Input data:
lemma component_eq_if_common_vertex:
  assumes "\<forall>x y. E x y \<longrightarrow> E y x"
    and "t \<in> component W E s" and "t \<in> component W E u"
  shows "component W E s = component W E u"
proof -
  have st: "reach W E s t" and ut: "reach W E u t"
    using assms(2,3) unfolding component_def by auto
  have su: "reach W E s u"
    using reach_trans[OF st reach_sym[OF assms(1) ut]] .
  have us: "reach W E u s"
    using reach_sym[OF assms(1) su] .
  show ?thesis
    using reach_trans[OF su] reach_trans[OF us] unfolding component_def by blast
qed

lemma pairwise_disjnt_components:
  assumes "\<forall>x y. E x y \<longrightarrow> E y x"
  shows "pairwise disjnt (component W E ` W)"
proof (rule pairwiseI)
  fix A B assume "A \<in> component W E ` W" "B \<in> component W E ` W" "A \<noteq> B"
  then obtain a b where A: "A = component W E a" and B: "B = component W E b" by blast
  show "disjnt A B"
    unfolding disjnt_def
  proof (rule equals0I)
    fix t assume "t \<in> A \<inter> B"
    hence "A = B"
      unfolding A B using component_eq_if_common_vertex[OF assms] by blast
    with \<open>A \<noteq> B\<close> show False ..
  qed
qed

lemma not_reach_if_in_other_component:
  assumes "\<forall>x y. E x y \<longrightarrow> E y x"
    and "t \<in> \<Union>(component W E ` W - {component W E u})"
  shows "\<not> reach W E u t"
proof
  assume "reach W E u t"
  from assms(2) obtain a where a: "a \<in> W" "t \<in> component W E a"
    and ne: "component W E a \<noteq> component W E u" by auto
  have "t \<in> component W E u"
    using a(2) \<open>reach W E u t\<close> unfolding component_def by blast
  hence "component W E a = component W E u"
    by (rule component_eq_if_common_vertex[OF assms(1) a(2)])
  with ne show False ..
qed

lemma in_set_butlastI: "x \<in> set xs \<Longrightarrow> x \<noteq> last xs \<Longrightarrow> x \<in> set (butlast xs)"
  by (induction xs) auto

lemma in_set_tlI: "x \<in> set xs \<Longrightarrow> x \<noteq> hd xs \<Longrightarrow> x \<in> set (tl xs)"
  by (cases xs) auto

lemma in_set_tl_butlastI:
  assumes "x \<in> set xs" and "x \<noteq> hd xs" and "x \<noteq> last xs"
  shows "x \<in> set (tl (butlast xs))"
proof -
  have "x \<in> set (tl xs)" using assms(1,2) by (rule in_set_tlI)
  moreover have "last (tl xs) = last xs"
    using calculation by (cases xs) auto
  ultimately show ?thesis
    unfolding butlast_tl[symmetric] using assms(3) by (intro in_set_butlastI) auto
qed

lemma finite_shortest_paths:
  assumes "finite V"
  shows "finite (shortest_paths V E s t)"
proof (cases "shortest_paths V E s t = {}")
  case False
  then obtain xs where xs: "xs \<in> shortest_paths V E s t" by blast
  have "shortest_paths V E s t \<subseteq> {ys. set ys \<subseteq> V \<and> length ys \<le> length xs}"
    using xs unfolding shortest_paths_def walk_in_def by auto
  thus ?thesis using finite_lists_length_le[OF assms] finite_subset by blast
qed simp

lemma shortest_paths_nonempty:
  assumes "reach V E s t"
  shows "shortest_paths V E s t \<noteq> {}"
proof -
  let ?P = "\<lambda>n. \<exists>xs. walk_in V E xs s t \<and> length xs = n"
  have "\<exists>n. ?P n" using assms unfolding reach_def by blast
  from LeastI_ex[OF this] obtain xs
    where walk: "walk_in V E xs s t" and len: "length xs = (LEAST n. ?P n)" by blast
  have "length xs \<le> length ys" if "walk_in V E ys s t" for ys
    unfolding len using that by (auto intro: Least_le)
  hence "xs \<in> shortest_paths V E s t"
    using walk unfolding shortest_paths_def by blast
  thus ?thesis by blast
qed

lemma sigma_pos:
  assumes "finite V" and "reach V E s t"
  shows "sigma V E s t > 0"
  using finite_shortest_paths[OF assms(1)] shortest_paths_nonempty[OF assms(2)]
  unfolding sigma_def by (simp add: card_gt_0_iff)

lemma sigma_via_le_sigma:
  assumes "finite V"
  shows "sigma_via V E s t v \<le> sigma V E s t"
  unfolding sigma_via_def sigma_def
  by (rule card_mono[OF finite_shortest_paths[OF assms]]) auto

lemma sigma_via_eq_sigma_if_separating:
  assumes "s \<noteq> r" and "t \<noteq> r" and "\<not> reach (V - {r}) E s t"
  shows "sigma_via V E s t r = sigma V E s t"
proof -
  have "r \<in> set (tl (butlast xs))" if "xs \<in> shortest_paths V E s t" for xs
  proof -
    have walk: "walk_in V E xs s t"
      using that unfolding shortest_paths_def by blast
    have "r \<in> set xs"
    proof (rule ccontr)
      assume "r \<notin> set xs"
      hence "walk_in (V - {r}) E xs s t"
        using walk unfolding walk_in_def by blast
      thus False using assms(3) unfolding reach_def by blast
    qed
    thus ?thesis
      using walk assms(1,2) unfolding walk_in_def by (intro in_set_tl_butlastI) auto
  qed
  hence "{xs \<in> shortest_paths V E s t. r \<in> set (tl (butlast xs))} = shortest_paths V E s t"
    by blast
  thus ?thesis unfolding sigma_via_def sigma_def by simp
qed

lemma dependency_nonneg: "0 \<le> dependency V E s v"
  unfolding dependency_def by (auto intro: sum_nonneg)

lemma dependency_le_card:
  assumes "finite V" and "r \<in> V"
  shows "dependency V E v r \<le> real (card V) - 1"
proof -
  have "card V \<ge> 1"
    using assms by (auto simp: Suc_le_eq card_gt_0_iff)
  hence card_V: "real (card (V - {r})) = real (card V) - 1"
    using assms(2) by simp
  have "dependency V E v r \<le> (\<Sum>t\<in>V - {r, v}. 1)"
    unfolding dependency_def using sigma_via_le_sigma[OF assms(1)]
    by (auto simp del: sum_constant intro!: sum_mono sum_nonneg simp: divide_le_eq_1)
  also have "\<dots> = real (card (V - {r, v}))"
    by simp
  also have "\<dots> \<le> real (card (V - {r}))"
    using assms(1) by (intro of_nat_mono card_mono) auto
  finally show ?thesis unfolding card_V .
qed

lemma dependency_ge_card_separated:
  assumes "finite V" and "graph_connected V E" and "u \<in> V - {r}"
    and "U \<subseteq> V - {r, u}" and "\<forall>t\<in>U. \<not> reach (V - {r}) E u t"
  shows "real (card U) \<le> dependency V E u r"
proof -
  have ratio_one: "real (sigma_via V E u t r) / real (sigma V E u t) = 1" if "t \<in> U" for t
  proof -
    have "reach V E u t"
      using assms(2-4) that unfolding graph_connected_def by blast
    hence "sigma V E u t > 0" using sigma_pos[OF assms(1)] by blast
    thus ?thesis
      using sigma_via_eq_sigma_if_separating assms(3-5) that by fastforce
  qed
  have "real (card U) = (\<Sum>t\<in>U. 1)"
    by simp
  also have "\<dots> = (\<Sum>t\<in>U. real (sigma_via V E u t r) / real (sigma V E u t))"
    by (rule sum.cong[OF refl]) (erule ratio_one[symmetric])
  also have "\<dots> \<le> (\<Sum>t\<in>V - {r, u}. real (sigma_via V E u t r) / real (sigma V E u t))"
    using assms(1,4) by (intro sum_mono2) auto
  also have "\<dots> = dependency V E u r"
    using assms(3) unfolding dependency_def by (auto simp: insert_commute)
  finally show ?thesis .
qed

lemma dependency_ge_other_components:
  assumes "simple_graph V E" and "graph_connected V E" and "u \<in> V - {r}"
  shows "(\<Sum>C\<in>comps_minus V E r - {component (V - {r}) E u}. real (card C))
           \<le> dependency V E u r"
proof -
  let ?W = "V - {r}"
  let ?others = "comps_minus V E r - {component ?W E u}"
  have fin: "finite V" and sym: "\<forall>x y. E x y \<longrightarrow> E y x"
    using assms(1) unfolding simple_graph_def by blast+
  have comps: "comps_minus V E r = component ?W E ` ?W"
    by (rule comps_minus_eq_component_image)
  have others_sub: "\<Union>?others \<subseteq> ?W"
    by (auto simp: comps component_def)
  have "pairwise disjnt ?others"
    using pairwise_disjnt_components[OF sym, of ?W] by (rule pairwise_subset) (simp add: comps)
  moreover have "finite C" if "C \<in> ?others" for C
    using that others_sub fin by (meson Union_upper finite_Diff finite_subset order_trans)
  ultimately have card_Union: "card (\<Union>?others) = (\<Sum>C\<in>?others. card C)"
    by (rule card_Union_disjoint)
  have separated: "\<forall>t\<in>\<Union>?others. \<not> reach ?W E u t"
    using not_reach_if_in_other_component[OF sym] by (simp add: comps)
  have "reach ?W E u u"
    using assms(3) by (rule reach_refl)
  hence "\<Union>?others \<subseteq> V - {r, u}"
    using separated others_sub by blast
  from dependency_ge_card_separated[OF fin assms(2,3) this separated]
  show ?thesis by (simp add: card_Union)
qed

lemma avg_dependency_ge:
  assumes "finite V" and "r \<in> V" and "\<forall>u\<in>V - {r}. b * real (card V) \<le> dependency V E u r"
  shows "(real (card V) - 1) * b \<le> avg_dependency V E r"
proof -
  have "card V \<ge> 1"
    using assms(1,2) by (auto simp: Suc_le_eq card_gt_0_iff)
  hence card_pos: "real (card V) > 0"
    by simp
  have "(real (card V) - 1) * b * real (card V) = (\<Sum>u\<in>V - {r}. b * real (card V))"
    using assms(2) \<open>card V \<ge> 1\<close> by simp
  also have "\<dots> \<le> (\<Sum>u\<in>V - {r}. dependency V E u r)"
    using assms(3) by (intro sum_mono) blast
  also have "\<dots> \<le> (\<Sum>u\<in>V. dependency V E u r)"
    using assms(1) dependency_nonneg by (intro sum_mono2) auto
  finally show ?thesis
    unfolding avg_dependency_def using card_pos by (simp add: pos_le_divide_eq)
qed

Requirement: If a line in the entries holds the string "obtain", copy it.

Expected answer:
  then obtain a b where A: "A = component W E a" and B: "B = component W E b" by blast
  from assms(2) obtain a where a: "a \<in> W" "t \<in> component W E a"
  then obtain xs where xs: "xs \<in> shortest_paths V E s t" by blast
  from LeastI_ex[OF this] obtain xs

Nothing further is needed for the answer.